# Work required
Only a number is wanted here. Tally the lines of the data that contain "denominator".

# Supplied data
definition owa_ip_objective ::
  "'c set \<Rightarrow> nat \<Rightarrow> (nat \<Rightarrow> nat) \<Rightarrow> (nat \<Rightarrow> real) \<Rightarrow> nat \<Rightarrow>
   (nat \<Rightarrow> nat \<Rightarrow> nat \<Rightarrow> real) \<Rightarrow> real" where
  "owa_ip_objective C n w \<alpha> k x =
     (\<Sum>i\<in>{1..n}. \<Sum>l\<in>{1..k}. \<Sum>r\<in>{1..card C}. \<alpha> l * wdiff (card C) w r * x i l r)"

definition owa_ip_optimal ::
  "'c set \<Rightarrow> nat \<Rightarrow> (nat \<Rightarrow> ('c \<times> 'c) set) \<Rightarrow> (nat \<Rightarrow> nat) \<Rightarrow> (nat \<Rightarrow> real) \<Rightarrow> nat \<Rightarrow>
   (nat \<Rightarrow> nat \<Rightarrow> nat \<Rightarrow> real) \<Rightarrow> ('c \<Rightarrow> real) \<Rightarrow> bool" where
  "owa_ip_optimal C n P w \<alpha> k x y \<longleftrightarrow> owa_ip_feasible C n P k x y \<and>
     (\<forall>x' y'. owa_ip_feasible C n P k x' y' \<longrightarrow>
        owa_ip_objective C n w \<alpha> k x' \<le> owa_ip_objective C n w \<alpha> k x)"

end

theory Submission imports Defs begin

text \<open>Write each score \<open>w_t\<close> as the tail sum of the non-negative differences \<open>w'_r\<close>, \<open>r \<ge> t\<close>.
  Then the OWA value of a committee \<open>W\<close> for voter \<open>i\<close> becomes \<open>\<Sum>_r w'_r (\<alpha>_1 + \<dots> + \<alpha>_N)\<close>,
  where \<open>N\<close> is the number of members of \<open>W\<close> of rank at most \<open>r\<close> (capped at \<open>k\<close>).
  Because \<open>\<alpha>\<close> is non-increasing and non-negative, in block \<open>(i, r)\<close> a feasible IP solution whose
  \<open>y\<close> selects \<open>W\<close> earns at most \<open>\<alpha>_1 + \<dots> + \<alpha>_N\<close>, and switching on \<open>x_{i,1,r}, \<dots>, x_{i,N,r}\<close> earns
  exactly that.\<close>

lemma antitone_on_interval:
  fixes f :: "nat \<Rightarrow> 'a::order"
  assumes adjacent: "\<And>r. a \<le> r \<Longrightarrow> r < b \<Longrightarrow> f (Suc r) \<le> f r"
    and "a \<le> i" "i \<le> j" "j \<le> b"
  shows "f j \<le> f i"
  using assms(3,4)
proof (induction j rule: dec_induct)
  case (step n)
  have "f (Suc n) \<le> f n" using step.hyps step.prems assms(2) by (intro adjacent) auto
  then show ?case using step by (auto intro: order_trans)
qed simp
lemma integral_cbox_eq_0_if_odd:
  fixes h :: "'a::euclidean_space \<Rightarrow> real"
  assumes int: "h integrable_on cbox (c - d) (c + d)" and odd: "\<And>x. h (2 *\<^sub>R c - x) = - h x"
  shows "integral (cbox (c - d) (c + d)) h = 0"
proof -
  define I where "I = integral (cbox (c - d) (c + d)) h"
  have hI: "(h has_integral I) (cbox (c - d) (c + d))"
    unfolding I_def by (rule integrable_integral[OF int])
  have "((\<lambda>x. h ((-1) *\<^sub>R x + 2 *\<^sub>R c)) has_integral I)
          ((\<lambda>x. (1 / -1) *\<^sub>R x + - ((1 / -1) *\<^sub>R (2 *\<^sub>R c))) ` cbox (c - d) (c + d))"
    using has_integral_affinity[OF hI, of "-1" "2 *\<^sub>R c"] by simp
  moreover have "(\<lambda>x. (1 / -1) *\<^sub>R x + - ((1 / -1) *\<^sub>R (2 *\<^sub>R c))) ` cbox (c - d) (c + d) = cbox (c - d) (c + d)"
    by (subst image_affinity_cbox) (simp add: algebra_simps scaleR_2)
  moreover have "h ((-1) *\<^sub>R x + 2 *\<^sub>R c) = - h x" for x
    using odd[of x] by (simp add: algebra_simps)
  ultimately have "(h has_integral - I) (cbox (c - d) (c + d))"
    by (simp add: has_integral_neg_iff)
  with hI have "I = - I"
    by (rule has_integral_unique)
  then show ?thesis
    by (simp add: I_def)
qed

lemma integrable_on_UNIV_if_vanishing_outside_cbox:
  fixes f :: "'a::euclidean_space \<Rightarrow> real"
  assumes "continuous_on (cbox a b) f" "\<And>x. x \<notin> cbox a b \<Longrightarrow> f x = 0"
  shows "f integrable_on UNIV"
  using integrable_on_superset[OF integrable_continuous[OF assms(1)] assms(2)] by simp

lemma has_integral_moment_if_symmetric:
  fixes f :: "real^'n::finite \<Rightarrow> real"
  assumes cont: "continuous_on UNIV f" and supp: "\<And>x. x \<notin> cbox (c - d) (c + d) \<Longrightarrow> f x = 0"
    and sym: "\<And>x. f (2 *\<^sub>R c - x) = f x"
  shows "((\<lambda>x. x$p * f x) has_integral c$p * integral UNIV f) UNIV"
proof -
  define h where "h x = (x$p - c$p) * f x" for x
  have h_cont: "continuous_on S h" for S
    unfolding h_def using continuous_on_subset[OF cont] by (intro continuous_intros) auto
  have "(h has_integral integral (cbox (c - d) (c + d)) h) (cbox (c - d) (c + d))"
    by (intro integrable_integral integrable_continuous h_cont)
  moreover have "integral (cbox (c - d) (c + d)) h = 0"
  proof (rule integral_cbox_eq_0_if_odd)
    show "h (2 *\<^sub>R c - x) = - h x" for x
      by (simp add: h_def sym algebra_simps)
  qed (intro integrable_continuous h_cont)
  ultimately have "(h has_integral 0) (cbox (c - d) (c + d))"
    by simp
  then have "(h has_integral 0) UNIV"
    by (rule has_integral_on_superset) (simp_all add: h_def supp)
  moreover have "((\<lambda>x. c$p * f x) has_integral c$p * integral UNIV f) UNIV"
  proof (intro has_integral_mult_right integrable_integral)
    show "f integrable_on UNIV"
      using continuous_on_subset[OF cont] supp by (rule integrable_on_UNIV_if_vanishing_outside_cbox) simp
  qed
  ultimately have "((\<lambda>x. h x + c$p * f x) has_integral 0 + c$p * integral UNIV f) UNIV"
    by (rule has_integral_add)
  then show ?thesis
    by (simp add: h_def algebra_simps)
qed

section \<open>A trace-free, divergence-free tensor annihilated by \<open>L\<close>\<close>

lemma prod_3: "prod f (UNIV::3 set) = f 1 * f 2 * f 3"
  unfolding UNIV_3 by (simp add: ac_simps)

lemma bump_mono_3:
  fixes m :: "nat^3"
  shows "bump_mono r c m x = bump r (m$1) (x$1 - c$1) * bump r (m$2) (x$2 - c$2) * bump r (m$3) (x$3 - c$3)"
  by (simp add: bump_mono_def prod_3)

definition stress_terms :: "3 \<Rightarrow> 3 \<Rightarrow> 3 bump_terms" where
  "stress_terms i j =
    (if i = 1 \<and> j = 1 then [(-1, vector [0,3,0]), (-1, vector [0,1,2])]
     else if i = 2 \<and> j = 2 then [(1, vector [0,1,2]), (-1, vector [2,1,0])]
     else if i = 3 \<and> j = 3 then [(1, vector [2,1,0]), (1, vector [0,3,0])]
     else if i = 1 \<and> j = 2 \<or> i = 2 \<and> j = 1 then [(1, vector [1,2,0]), (1, vector [1,0,2])]
     else if i = 2 \<and> j = 3 \<or> i = 3 \<and> j = 2 then [(-1, vector [2,0,1]), (-1, vector [0,2,1])]
     else [])"

lemma stress_terms_sym: "stress_terms i j = stress_terms j i"
  using exhaust_3[of i] exhaust_3[of j] by (elim disjE) (simp_all add: stress_terms_def)

lemma stress_terms_degree: "\<forall>(\<alpha>, m)\<in>set (stress_terms i j). (\<Sum>k\<in>UNIV. m$k) = 3"
  using exhaust_3[of i] exhaust_3[of j] by (elim disjE) (simp_all add: stress_terms_def sum_3)

lemma stress_terms_trace: "(\<Sum>i\<in>UNIV. bump_sum r c (stress_terms i i) x) = 0"
  by (simp add: sum_3 stress_terms_def bump_sum_def)

lemma stress_terms_div: "(\<Sum>i\<in>UNIV. bump_sum r c (diff_terms i (stress_terms i j)) x) = 0"
  using exhaust_3[of j]
  by (elim disjE) (simp_all add: sum_3 stress_terms_def bump_sum_def diff_terms_def bump_mono_3 axis_def eval_nat_numeral)

lemma stress_terms_Lop:
  "(\<Sum>i\<in>UNIV. \<Sum>j\<in>UNIV. bump_sum r c (diff_terms j (diff_terms i (stress_terms i j))) x
                          - bump_sum r c (diff_terms j (diff_terms j (stress_terms i i))) x) = 0"
  by (simp add: sum_3 stress_terms_def bump_sum_def diff_terms_def bump_mono_3 axis_def eval_nat_numeral)

definition stress_energy :: "real \<Rightarrow> real^3 \<Rightarrow> real^3 \<Rightarrow> real" where
  "stress_energy r c x = (\<Sum>i\<in>UNIV. \<Sum>j\<in>UNIV. \<Sum>k\<in>UNIV. (bump_sum r c (diff_terms k (stress_terms i j)) x)\<^sup>2)"

lemma continuous_on_stress_energy: "continuous_on S (stress_energy r c)"
  unfolding stress_energy_def[abs_def] by (intro continuous_intros)

lemma stress_energy_eq_0: "x \<notin> cbox (c - vec r) (c + vec r) \<Longrightarrow> stress_energy r c x = 0"
  using box_subset_cbox by (force simp: stress_energy_def bump_sum_eq_0)

lemma stress_energy_reflect: "stress_energy r c (2 *\<^sub>R c - x) = stress_energy r c x"
  unfolding stress_energy_def
  by (simp add: bump_sum_reflect[OF degree_diff_terms[OF stress_terms_degree]] power_mult_distrib)

lemma stress_energy_nonneg: "0 \<le> stress_energy r c x"
  unfolding stress_energy_def by (intro sum_nonneg) simp

lemma has_integral_moment_stress_energy:
  "((\<lambda>x. x$p * stress_energy r c x) has_integral c$p * integral UNIV (stress_energy r c)) UNIV"
  by (rule has_integral_moment_if_symmetric[where d="vec r"])
     (simp_all add: continuous_on_stress_energy stress_energy_eq_0 stress_energy_reflect)
(* Let $A$ be a Type I$_k$ weight matrix with $V_A$ faithful, and consider the Hilbert map $\Pi:V_A\to\mathbb R^\ell\times\mathbb C^{k^2}\times\mathbb C^N$, $\boldsymbol z\mapsto\big((r_i(\boldsymbol z))_i,(p_{i,j}(\boldsymbol z))_{i,j},(q_{\boldsymbol s}(\boldsymbol z))_{\boldsymbol s}\big)$, $N=\binom{\alpha+k-1}{k-1}$ (whose real and imaginary parts form a real Hilbert basis). Then $\Pi(Z_A)$ equals the set of tuples $(r_i,p_{i,j},q_{\boldsymbol s})$ such that $p_{i,j}=\overline{p_{j,i}}$ for all $i,j$, the relations (1)–(6) of Proposition 4.2 hold (with $R_i,P_{i,j},Q_{\boldsymbol s},\overline Q_{\boldsymbol s}$ evaluated at $r_i,p_{i,j},q_{\boldsymbol s},\overline{q_{\boldsymbol s}}$, the latter being the complex conjugate of $q_{\boldsymbol s}$), the moment map relations $-a_ir_i+n_i\sum_{j=1}^kp_{j,j}=0$ hold for $i=1,\dots,\ell$, and the inequalities $r_i\ge0$ ($1\le i\le\ell$) and $p_{j,j}\ge0$ ($1\le j\le k$) hold.
   Context: Type I$_k$: $A=[D,\boldsymbol n,\dots,\boldsymbol n]\in\mathbb Z^{\ell\times(\ell+k)}$ with $D=\operatorname{diag}(-a_1,\dots,-a_\ell)$, $a_i>0$, $\boldsymbol n=(n_1,\dots,n_\ell)^T$, $n_i>0$; $V_A=\mathbb C^{\ell+k}$ with $\mathbb T^\ell$ acting by $z_j\mapsto\prod_it_i^{a_{ij}}z_j$, faithful = effective; shell $Z_A$ = common zero set of $\tfrac12\sum_ja_{ij}z_j\overline{z_j}$. $\alpha=\operatorname{lcm}(a_i)$, $m_i=n_i\alpha/a_i$. Invariants $r_i=z_i\overline{z_i}$, $p_{i,j}=z_{\ell+i}\overline{z_{\ell+j}}$, $q_{\boldsymbol s}=\prod_{i\le\ell}z_i^{m_i}\prod_{i\le k}z_{\ell+i}^{s_i}$ ($\boldsymbol s\in\mathbb Z^k_{\ge0}$, $\sum s_i=\alpha$). Relations of Proposition 4.2: (1) $P_{g,h}P_{i,j}-P_{g,j}P_{i,h}$; (2) $P_{g,h}Q_{\boldsymbol s}-P_{i,h}Q_{\boldsymbol s'}$ with $s'_g=s_g+1$, $s'_i=s_i-1$, other entries equal; (3) $P_{g,h}\overline Q_{\boldsymbol s}-P_{g,i}\overline Q_{\boldsymbol s'}$ with $s'_h=s_h+1$, $s'_i=s_i-1$, other entries equal; (4) $Q_{\boldsymbol s}Q_{\boldsymbol s'}-Q_{\boldsymbol t}Q_{\boldsymbol t'}$ and (5) $\overline Q_{\boldsymbol s}\overline Q_{\boldsymbol s'}-\overline Q_{\boldsymbol t}\overline Q_{\boldsymbol t'}$ whenever $\boldsymbol s+\boldsymbol s'=\boldsymbol t+\boldsymbol t'$; (6) $\prod_iR_i^{m_i}\prod_{j=1}^\alpha P_{g_j,h_j}-Q_{\boldsymbol s}\overline Q_{\boldsymbol s'}$, where $g$ appears $s_g$ times among the $g_j$ and $h$ appears $s'_h$ times among the $h_j$. *)

theory Defs
  imports Complex_Main
begin
text \<open>Since f_{i+1}
  blows up at beta_{i+1}, it eventually exceeds alpha_{i+1}, where the denominator is <= 0;
  so the denominator has a first zero beta_i < beta_{i+1}.\<close>
lemma good_branch_step:
  assumes v: "valid_params P n" and i: "i + 1 < n"
    and G1: "good_branch P n (i+1) (beta P n (i+1))"
    and G2: "i + 2 < n \<Longrightarrow> good_branch P n (i+2) (beta P n (i+2))"
  shows "good_branch P n i (beta P n i)"
proof -
  define b where "b = beta P n (i+1)"
  define x where "x = fcas P n (i+1)"
  define y where "y = fYcas P n (i+2)"
  define D where "D u w = layer_den (Sb P (i+1)) (Fb P (i+1)) (delta P (i+1)) (gamma P (i+1)) u w" for u w
  have j1: "i+1 \<in> {1..n}" using i by auto
  note p = valid_params_pos[OF v j1] and a = alpha_props[OF v j1]
  note y = feedback_regular[OF v i G1 G2, folded b_def y_def]
  have b0: "0 < b" and xc: "continuous_on {0..<b} x" and xm: "strict_mono_on {0..<b} x"
    and x0: "x 0 = 0" and xl: "filterlim x at_top (at_left b)"
    using G1 unfolding good_branch_def b_def x_def by auto
  have "\<forall>\<^sub>F s in at_left b. alpha P (i+1) < x s \<and> s \<in> {0<..<b}"
    using xl[unfolded filterlim_at_top_dense] eventually_at_left_real[OF b0]
    by (auto intro: eventually_conj)
  then obtain s1 where s1: "alpha P (i+1) < x s1" "0 < s1" "s1 < b"
    using eventually_happens'[OF trivial_limit_at_left_real] by fastforce
  have "D (x s1) (y s1) = dd P (i+1) (x s1) 0 - y s1 * (1 + delta P (i+1) * x s1)"
    unfolding D_def dd_layer_den[symmetric] by (rule dd_feedback)
  also have "\<dots> \<le> dd P (i+1) (x s1) 0" using y(4)[of s1] s1 p a(1) by simp
  also have "\<dots> \<le> 0" using a(3)[of "x s1"] s1 a(1) by simp
  finally have Ds1: "D (x s1) (y s1) \<le> 0" .
  obtain \<beta> where bp: "0 < \<beta>" "\<beta> \<le> s1" and Db: "D (x \<beta>) (y \<beta>) = 0"
    and sign: "\<forall>s. 0 \<le> s \<and> s < b \<longrightarrow> (0 < D (x s) (y s) \<longleftrightarrow> s < \<beta>)"
    using layer_den_first_zero[OF p(1) _ _ p(5) xc xm x0 y(1,2,3) s1(2,3) Ds1[unfolded D_def]] p
    unfolding D_def by auto
  have f: "fcas P n i = (\<lambda>s. lam P (i+1) * Fb P (i+1) * x s / D (x s) (y s))"
  proof
    fix s show "fcas P n i s = lam P (i+1) * Fb P (i+1) * x s / D (x s) (y s)"
      using fcas_step[of i n P s] i unfolding x_def y_def D_def dd_layer_den by simp
  qed
  have den: "branch_den P n i s = D (x s) (y s)" for s
    unfolding branch_den_def D_def x_def y_def dd_layer_den ..
  have F0: "0 \<le> Fb P (i+1)" "0 \<le> gamma P (i+1)" and Lp: "0 < lam P (i+1) * Fb P (i+1)"
    using p by auto
  have "\<beta> < b" using bp s1 by simp
  hence Dp: "0 < D (x s) (y s)" if "0 \<le> s" "s < \<beta>" for s using sign that by auto
  note q = layer_quotient[OF p(1) F0 Lp xc xm x0 y(1,2) bp(1) \<open>\<beta> < b\<close>
      Dp[unfolded D_def] Db[unfolded D_def], folded D_def f]
  have "good_branch P n i \<beta>" unfolding good_branch_def den
  proof (intro conjI)
    show "fcas P n i 0 = 0" unfolding f x0 by simp
    show "i + 1 < n \<longrightarrow> \<beta> < beta P n (i + 1)" using \<open>\<beta> < b\<close> unfolding b_def by simp
    show "\<forall>s. 0 \<le> s \<and> (i + 1 < n \<longrightarrow> s < beta P n (i + 1)) \<longrightarrow> (0 < D (x s) (y s) \<longleftrightarrow> s < \<beta>)"
      using sign i unfolding b_def by blast
  qed (use q bp(1) Db in \<open>auto simp: f\<close>)
  thus ?thesis using good_branch_beta by metis
qed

# Result of this task
2